Given how popular that strategy has been, it could signal a broader change among other social media platforms, as well.

The future of tech

If Chinese companies continue to play an increasingly influential role in tech, our online world could look very different by, say, 2030.

For one, it could be much more diversified than the Silicon Valley standard we still, largely, see now. And while Chinese apps are best-known right now, that could change. “It’s not just Chinese companies, but other companies in Asia,” says Zhao. “These regional giants might want to have a slice of the global market pie as well.
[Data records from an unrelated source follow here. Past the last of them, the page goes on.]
(* Let $(\mathcal{C},\otimes,I,c)$ be a strict braided monoidal category and let $V,W$ be objects of $\mathcal{C}$ such that the internal homs $\hom(V,I)$ and $\hom(W,I)$ exist. Then $$\mathrm{ev}_{V,I}\circ(\mathrm{id}_{\hom(V,I)}\otimes\mathrm{ev}_{W,I}\otimes\mathrm{id}_V)=\mathrm{ev}_{W,I}\circ(\mathrm{id}_{\hom(W,I)}\otimes\mathrm{ev}_{V,I}\otimes\mathrm{id}_W)\circ\big((c_{\hom(W,I),\hom(V,I)})^{-1}\otimes c_{W,V}\big)$$ as morphisms $\hom(V,I)\otimes\hom(W,I)\otimes W\otimes V\to I$.
   Context: For objects $U,Y$, an internal hom $\hom(U,Y)$ is an object together with a natural isomorphism $\Theta_{X,U,Y}:\operatorname{Hom}_{\mathcal{C}}(X\otimes U,Y)\to\operatorname{Hom}_{\mathcal{C}}(X,\hom(U,Y))$ (natural in $X$). The evaluation morphism is $\mathrm{ev}_{U,Y}=\Theta^{-1}_{\hom(U,Y),U,Y}(\mathrm{id}_{\hom(U,Y)}):\hom(U,Y)\otimes U\to Y$. *)

theory Defs
  imports Main
begin

record ('o, 'm) smcat =
  Obj :: "'o set"
  Hom :: "'o \<Rightarrow> 'o \<Rightarrow> 'm set"
  comp :: "'m \<Rightarrow> 'm \<Rightarrow> 'm"     (* comp g f = g \<circ> f *)
  ident :: "'o \<Rightarrow> 'm"
  tens_o :: "'o \<Rightarrow> 'o \<Rightarrow> 'o"
  tens_m :: "'m \<Rightarrow> 'm \<Rightarrow> 'm"
  unit_o :: "'o"
  braid :: "'o \<Rightarrow> 'o \<Rightarrow> 'm"    (* braid a b = c_{a,b} : a \<otimes> b \<rightarrow> b \<otimes> a *)

definition is_category :: "('o, 'm, 'x) smcat_scheme \<Rightarrow> bool" where
  "is_category C \<longleftrightarrow>
     (\<forall>a b f. f \<in> Hom C a b \<longrightarrow> a \<in> Obj C \<and> b \<in> Obj C) \<and>
     (\<forall>a b a' b' f. f \<in> Hom C a b \<and> f \<in> Hom C a' b' \<longrightarrow> a = a' \<and> b = b') \<and>
     (\<forall>a\<in>Obj C. ident C a \<in> Hom C a a) \<and>
     (\<forall>a b c f g. f \<in> Hom C a b \<and> g \<in> Hom C b c \<longrightarrow> comp C g f \<in> Hom C a c) \<and>
     (\<forall>a b f. f \<in> Hom C a b \<longrightarrow> comp C f (ident C a) = f \<and> comp C (ident C b) f = f) \<and>
     (\<forall>a b c d f g h. f \<in> Hom C a b \<and> g \<in> Hom C b c \<and> h \<in> Hom C c d \<longrightarrow>
        comp C h (comp C g f) = comp C (comp C h g) f)"

definition is_iso_pair :: "('o, 'm, 'x) smcat_scheme \<Rightarrow> 'o \<Rightarrow> 'o \<Rightarrow> 'm \<Rightarrow> 'm \<Rightarrow> bool" where
  "is_iso_pair C a b f g \<longleftrightarrow> f \<in> Hom C a b \<and> g \<in> Hom C b a \<and>
     comp C g f = ident C a \<and> comp C f g = ident C b"

text \<open>The inverse of an isomorphism f : a \<rightarrow> b (unique in a category).\<close>
definition minv :: "('o, 'm, 'x) smcat_scheme \<Rightarrow> 'o \<Rightarrow> 'o \<Rightarrow> 'm \<Rightarrow> 'm" where
  "minv C a b f = (THE g. is_iso_pair C a b f g)"

definition is_strict_monoidal :: "('o, 'm, 'x) smcat_scheme \<Rightarrow> bool" where
  "is_strict_monoidal C \<longleftrightarrow>
     is_category C \<and>
     unit_o C \<in> Obj C \<and>
     (\<forall>a\<in>Obj C. \<forall>b\<in>Obj C. tens_o C a b \<in> Obj C) \<and>
     (\<forall>a b c d f g. f \<in> Hom C a b \<and> g \<in> Hom C c d \<longrightarrow>
        tens_m C f g \<in> Hom C (tens_o C a c) (tens_o C b d)) \<and>
     (\<forall>a\<in>Obj C. \<forall>b\<in>Obj C. tens_m C (ident C a) (ident C b) = ident C (tens_o C a b)) \<and>
     (\<forall>a b c a' b' c' f g f' g'. f \<in> Hom C a b \<and> g \<in> Hom C b c \<and>
        f' \<in> Hom C a' b' \<and> g' \<in> Hom C b' c' \<longrightarrow>
        tens_m C (comp C g f) (comp C g' f') = comp C (tens_m C g g') (tens_m C f f')) \<and>
     (\<forall>a\<in>Obj C. \<forall>b\<in>Obj C. \<forall>c\<in>Obj C.
        tens_o C (tens_o C a b) c = tens_o C a (tens_o C b c)) \<and>
     (\<forall>a\<in>Obj C. tens_o C (unit_o C) a = a \<and> tens_o C a (unit_o C) = a) \<and>
     (\<forall>a b a' b' a'' b'' f g h. f \<in> Hom C a b \<and> g \<in> Hom C a' b' \<and> h \<in> Hom C a'' b'' \<longrightarrow>
        tens_m C (tens_m C f g) h = tens_m C f (tens_m C g h)) \<and>
     (\<forall>a b f. f \<in> Hom C a b \<longrightarrow>
        tens_m C (ident C (unit_o C)) f = f \<and> tens_m C f (ident C (unit_o C)) = f)"

definition is_strict_braided_monoidal :: "('o, 'm, 'x) smcat_scheme \<Rightarrow> bool" where
  "is_strict_braided_monoidal C \<longleftrightarrow>
     is_strict_monoidal C \<and>
     (\<forall>a\<in>Obj C. \<forall>b\<in>Obj C. \<exists>g. is_iso_pair C (tens_o C a b) (tens_o C b a) (braid C a b) g) \<and>
     (\<forall>a b c d f g. f \<in> Hom C a b \<and> g \<in> Hom C c d \<longrightarrow>
        comp C (braid C b d) (tens_m C f g) = comp C (tens_m C g f) (braid C a c)) \<and>
     (\<forall>a\<in>Obj C. \<forall>b\<in>Obj C. \<forall>c\<in>Obj C.
        braid C a (tens_o C b c) =
          comp C (tens_m C (ident C b) (braid C a c)) (tens_m C (braid C a b) (ident C c)) \<and>
        braid C (tens_o C a b) c =
          comp C (tens_m C (braid C a c) (ident C b)) (tens_m C (ident C a) (braid C b c)))"

text \<open>(H, \<Theta>) is an internal hom hom(U,Y): H an object and
  \<Theta> X : Hom(X \<otimes> U, Y) \<rightarrow> Hom(X, H) a bijection for every object X, natural in X.\<close>
definition is_internal_hom ::
  "('o, 'm, 'x) smcat_scheme \<Rightarrow> 'o \<Rightarrow> 'o \<Rightarrow> 'o \<Rightarrow> ('o \<Rightarrow> 'm \<Rightarrow> 'm) \<Rightarrow> bool" where
  "is_internal_hom C U Y H \<Theta> \<longleftrightarrow>
     H \<in> Obj C \<and>
     (\<forall>X\<in>Obj C. bij_betw (\<Theta> X) (Hom C (tens_o C X U) Y) (Hom C X H)) \<and>
     (\<forall>X X' h f. h \<in> Hom C X' X \<and> f \<in> Hom C (tens_o C X U) Y \<longrightarrow>
        \<Theta> X' (comp C f (tens_m C h (ident C U))) = comp C (\<Theta> X f) h)"

definition ev ::
  "('o, 'm, 'x) smcat_scheme \<Rightarrow> 'o \<Rightarrow> 'o \<Rightarrow> 'o \<Rightarrow> ('o \<Rightarrow> 'm \<Rightarrow> 'm) \<Rightarrow> 'm" where
  "ev C U Y H \<Theta> = inv_into (Hom C (tens_o C H U) Y) (\<Theta> H) (ident C H)"

end

theory Submission
  imports Defs
begin

text \<open>Only the types of the two evaluation maps matter. For arbitrary counits, i.e.
  morphisms f : A \<otimes> V \<rightarrow> I and g : B \<otimes> W \<rightarrow> I into the unit, both sides equal
  (f \<otimes> g) \<circ> (id_A \<otimes> c_{B \<otimes> W,V}). A counit slides through a braiding because
  c_{X,I} = c_{I,X} = id, these being idempotent isomorphisms by the hexagon axioms. On the
  right-hand side, sliding id_B \<otimes> f past A produces c_{B,A}, which cancels against the inverse
  braiding, and the two braidings that remain combine into c_{B \<otimes> W,V} by a hexagon axiom.\<close>

locale category =
  fixes C :: "('o, 'm, 'x) smcat_scheme"
  assumes is_category: "is_category C"
begin

abbreviation compose :: "'m \<Rightarrow> 'm \<Rightarrow> 'm" (infixr "\<cdot>" 55)
  where "g \<cdot> f \<equiv> comp C g f"

text \<open>Hom-sets are pairwise disjoint, so every arrow has a unique source and target.\<close>

definition arr :: "'m \<Rightarrow> bool" where
  "arr f \<longleftrightarrow> (\<exists>a b. f \<in> Hom C a b)"

definition source :: "'m \<Rightarrow> 'o" where
  "source f = (THE a. \<exists>b. f \<in> Hom C a b)"

definition target :: "'m \<Rightarrow> 'o" where
  "target f = (THE b. \<exists>a. f \<in> Hom C a b)"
We’re seeing Facebook and Google competing for a slice of the Asian market, but at the same time local giants are entering the US market as well.”

A man cycles past Tencent, the parent company of Chinese social media giant WeChat (Credit: Greg Baker/Getty Images)

A man cycles past Tencent, the parent company of Chinese social media giant WeChat (Credit: Greg Baker/Getty Images)

We might also see apps having an increased emphasis on localisation, something we already see with TikTok. “If you want to be a global company, you’re serving different consumers with different cultural tastes,” Zhao says.

And we may see Western products taking more of a lead from successful strategies or services out of China, and the rest of Asia. “That’s where the West is going to copy a lot,” says Ouwehand. “In terms of functionalities and the expansion of their own apps to do more.”

The future of technology in the next decade will certainly look a lot less like the Silicon Valley-designed ideal we’ve been used to in the last 20 years. But it seems likely it will evolve through small steps and minor influences – as evidenced through the way TikTok differs from Douyin, and the lag in changes in the Chinese version of the app making their way to the Western one.

This is, after all, how a globalised world works, Zhao says. “It’s an example of cross pollination. Doing business is always about drawing inspiration from each other,” she says.